Remainder Theorem Question:

For what value of b will the polynomial P(x) = 4x^3-3x^2+bx+6 have the same remainder when it is divided by x-1 and by x+3

Do the polynomial long divisions for each divisor. Then set the two remainders equal to each other. Both will contain a "b" term. Solve for b.

To find the value of b that will make the polynomial P(x) have the same remainder when divided by x-1 and x+3, we can use the Remainder Theorem.

The Remainder Theorem states that if a polynomial P(x) is divided by a linear divisor of the form x-a, the remainder is equal to P(a).

So, let's find the remainders when P(x) is divided by x-1 and x+3.

When P(x) is divided by x-1, the remainder is P(1). We can substitute x=1 into the polynomial:

P(1) = 4(1)^3 - 3(1)^2 + b(1) + 6
= 4 - 3 + b + 6
= b + 7

When P(x) is divided by x+3, the remainder is P(-3). Substituting x=-3 into the polynomial:

P(-3) = 4(-3)^3 - 3(-3)^2 + b(-3) + 6
= -108 - 27 - 3b + 6
= -3b - 129

Since we want the polynomial to have the same remainder when divided by both x-1 and x+3, we can set the remainders equal to each other:

b + 7 = -3b - 129

Now, we can solve this equation for b:

4b = -136
b = -34

Therefore, the value of b that will make the polynomial P(x) have the same remainder when divided by x-1 and x+3 is -34.

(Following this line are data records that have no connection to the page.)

(* Let $n\ge 2$ and $\alpha\in\mathbb{Z}_2^n$. Then $$\max_{\beta,\gamma\in\mathbb{Z}_2^n}\mathrm{adp}^{\mathrm{XR}}_1(\alpha,\beta\to\gamma)=\mathrm{adp}^{\mathrm{XR}}_1(\alpha,\alpha\to 0).$$
   Context: For $x\in\mathbb{Z}_2^n$ write $x=(x_0,\dots,x_{n-1})$ and identify $x$ with the integer $\sum_{i=0}^{n-1}x_i2^{n-1-i}$, so $x_0$ is the most significant bit; $x+y$, $x-y$ and $-x$ are computed modulo $2^n$. $\oplus$ is bitwise XOR and $x\lll r=(x_r,\dots,x_{n-1},x_0,\dots,x_{r-1})$. For $f:(\mathbb{Z}_2^n)^k\to\mathbb{Z}_2^n$ the additive differential probability is $\mathrm{adp}^f(\alpha_1,\dots,\alpha_k\to\alpha_{k+1})=2^{-kn}\#\{(x_1,\dots,x_k)\in(\mathbb{Z}_2^n)^k: f(x_1+\alpha_1,\dots,x_k+\alpha_k)=f(x_1,\dots,x_k)+\alpha_{k+1}\}$. For $1\le r\le n-1$, $\mathrm{adp}^{\mathrm{XR}}_r$ denotes $\mathrm{adp}^f$ for $f(x,y)=(x\oplus y)\lll r$. *)

theory Defs
  imports Main "HOL.Real"
begin

text \<open>Elements of Z_2^n are identified with naturals in {0..<2^n}: the bit vector
(x_0,...,x_{n-1}) corresponds to sum x_i 2^(n-1-i), so x_0 is the most significant bit.\<close>

definition words :: "nat \<Rightarrow> nat set" where
  "words n = {..<2^n}"

definition addm :: "nat \<Rightarrow> nat \<Rightarrow> nat \<Rightarrow> nat" where
  "addm n x y = (x + y) mod 2^n"

text \<open>Left rotation by r of an n-bit word: (x_0..x_{n-1}) goes to (x_r..x_{n-1},x_0..x_{r-1}).\<close>
definition rotl :: "nat \<Rightarrow> nat \<Rightarrow> nat \<Rightarrow> nat" where
  "rotl n r x = (x * 2^r + x div 2^(n - r)) mod 2^n"

definition adp2 :: "nat \<Rightarrow> (nat \<Rightarrow> nat \<Rightarrow> nat) \<Rightarrow> nat \<Rightarrow> nat \<Rightarrow> nat \<Rightarrow> real" where
  "adp2 n f a1 a2 a3 =
     real (card {(x, y). x \<in> words n \<and> y \<in> words n \<and>
        f (addm n x a1) (addm n y a2) = addm n (f x y) a3}) / 2 ^ (2 * n)"

definition XR :: "nat \<Rightarrow> nat \<Rightarrow> nat \<Rightarrow> nat \<Rightarrow> nat" where
  "XR n r x y = rotl n r (Bit_Operations.xor x y)"

definition adpXR :: "nat \<Rightarrow> nat \<Rightarrow> nat \<Rightarrow> nat \<Rightarrow> nat \<Rightarrow> real" where
  "adpXR n r a b c = adp2 n (XR n r) a b c"

end

theory Submission
  imports Defs
begin

text \<open>Write n = m + 1 and split x and y into their top bits p, q and their low m bits.
Rotating by one moves bit m to position 0, so the XR condition for (\<alpha>, \<beta> \<rightarrow> \<gamma>) becomes a
condition on the low parts alone: (x + \<alpha>) XOR (y + \<beta>) \<equiv> (x XOR y) + \<delta> mod 2^m, where
\<delta> = \<gamma> div 2 plus the carry produced by odd \<gamma> and p \<noteq> q, together with a prescribed bit m of
(x + \<alpha>) XOR (y + \<beta>), namely odd \<gamma>. Counting the solutions of such a condition by peeling off
the lowest bit gives a recursion in which the parameters are halved and carries are absorbed
into them; by induction the count never exceeds the one for the diagonal parameters
(\<alpha>, \<alpha>, \<delta> = 0, bit 0), which is exactly what each of the four choices of (p, q) yields for
(\<alpha>, \<alpha> \<rightarrow> 0).\<close>

unbundle bit_operations_syntax

lemma card_pairs_via_bij:
  assumes g: "bij_betw (\<lambda>(i, x). g i x) (I \<times> A) B" and fin: "finite I" "finite A"
    and S: "S \<subseteq> B \<times> B"
  shows "card S = (\<Sum>i\<in>I. \<Sum>j\<in>I. card {(x, y) \<in> A \<times> A. (g i x, g j y) \<in> S})"
proof -
  let ?F = "\<lambda>(i, j). {(x, y) \<in> A \<times> A. (g i x, g j y) \<in> S}"
  let ?h = "\<lambda>((i, j), (x, y)). (g i x, g j y)"
  have inj: "inj_on ?h (Sigma (I \<times> I) ?F)"
    using bij_betw_imp_inj_on[OF g] by (auto simp: inj_on_def)
  have "S \<subseteq> ?h ` Sigma (I \<times> I) ?F"
  proof
    fix z assume "z \<in> S"
    then obtain u v where z: "z = (u, v)" "u \<in> (\<lambda>(i, x). g i x) ` (I \<times> A)" "v \<in> (\<lambda>(i, x). g i x) ` (I \<times> A)"
      using S bij_betw_imp_surj_on[OF g] by blast
    then obtain i x j y where "i \<in> I" "x \<in> A" "u = g i x" "j \<in> I" "y \<in> A" "v = g j y"
      by auto
    then show "z \<in> ?h ` Sigma (I \<times> I) ?F"
      using \<open>z \<in> S\<close> z by (auto intro!: image_eqI[where x = "((i, j), (x, y))"])
  qed
  moreover have "?h ` Sigma (I \<times> I) ?F \<subseteq> S"
    by auto
  ultimately have S_eq: "S = ?h ` Sigma (I \<times> I) ?F"
    by (rule equalityI)
  have "card S = card (Sigma (I \<times> I) ?F)"
    using card_image[OF inj, folded S_eq] .
  also have "\<dots> = (\<Sum>(i, j)\<in>I \<times> I. card {(x, y) \<in> A \<times> A. (g i x, g j y) \<in> S})"
    using fin by (subst card_SigmaI) (auto simp: case_prod_unfold intro: finite_subset[of _ "A \<times> A"])
  finally show ?thesis
    by (simp only: sum.cartesian_product)
qed

lemma bij_betw_double_add_bit:
  "bij_betw (\<lambda>(p, x). 2 * x + of_bool p) (UNIV \<times> {..<m}) {..<2 * m :: nat}"
  by (rule bij_betw_byWitness[where f' = "\<lambda>z. (odd z, z div 2)"]) auto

To find the value of b that will make the polynomial P(x) have the same remainder when divided by x-1 and x+3, we can apply the Remainder Theorem.

According to the Remainder Theorem, if a polynomial P(x) is divided by x - c, the remainder is equal to P(c). Therefore, we need to set up two equations using the Remainder Theorem.

First, let's consider the division of P(x) by x-1. The remainder will be equal to P(1):

Remainder when dividing by x-1 = P(1) = 4(1)^3 - 3(1)^2 + b(1) + 6

Next, let's consider the division of P(x) by x+3. The remainder will be equal to P(-3):

Remainder when dividing by x+3 = P(-3) = 4(-3)^3 - 3(-3)^2 + b(-3) + 6

We want the remainder to be the same for both divisions. Setting the two expressions equal to each other, we have:

4(1)^3 - 3(1)^2 + b(1) + 6 = 4(-3)^3 - 3(-3)^2 + b(-3) + 6

Simplifying the equation, we get:

4 - 3 + b + 6 = -108 - 27b + 6

Combine like terms:

b + 7 = -102 - 27b

Bring the terms involving b to one side:

b + 27b = -102 - 7

Combine like terms:

28b = -109

Finally, divide both sides of the equation by 28:

b = -109/28

Therefore, the value of b that will make the polynomial have the same remainder when divided by x-1 and x+3 is -109/28.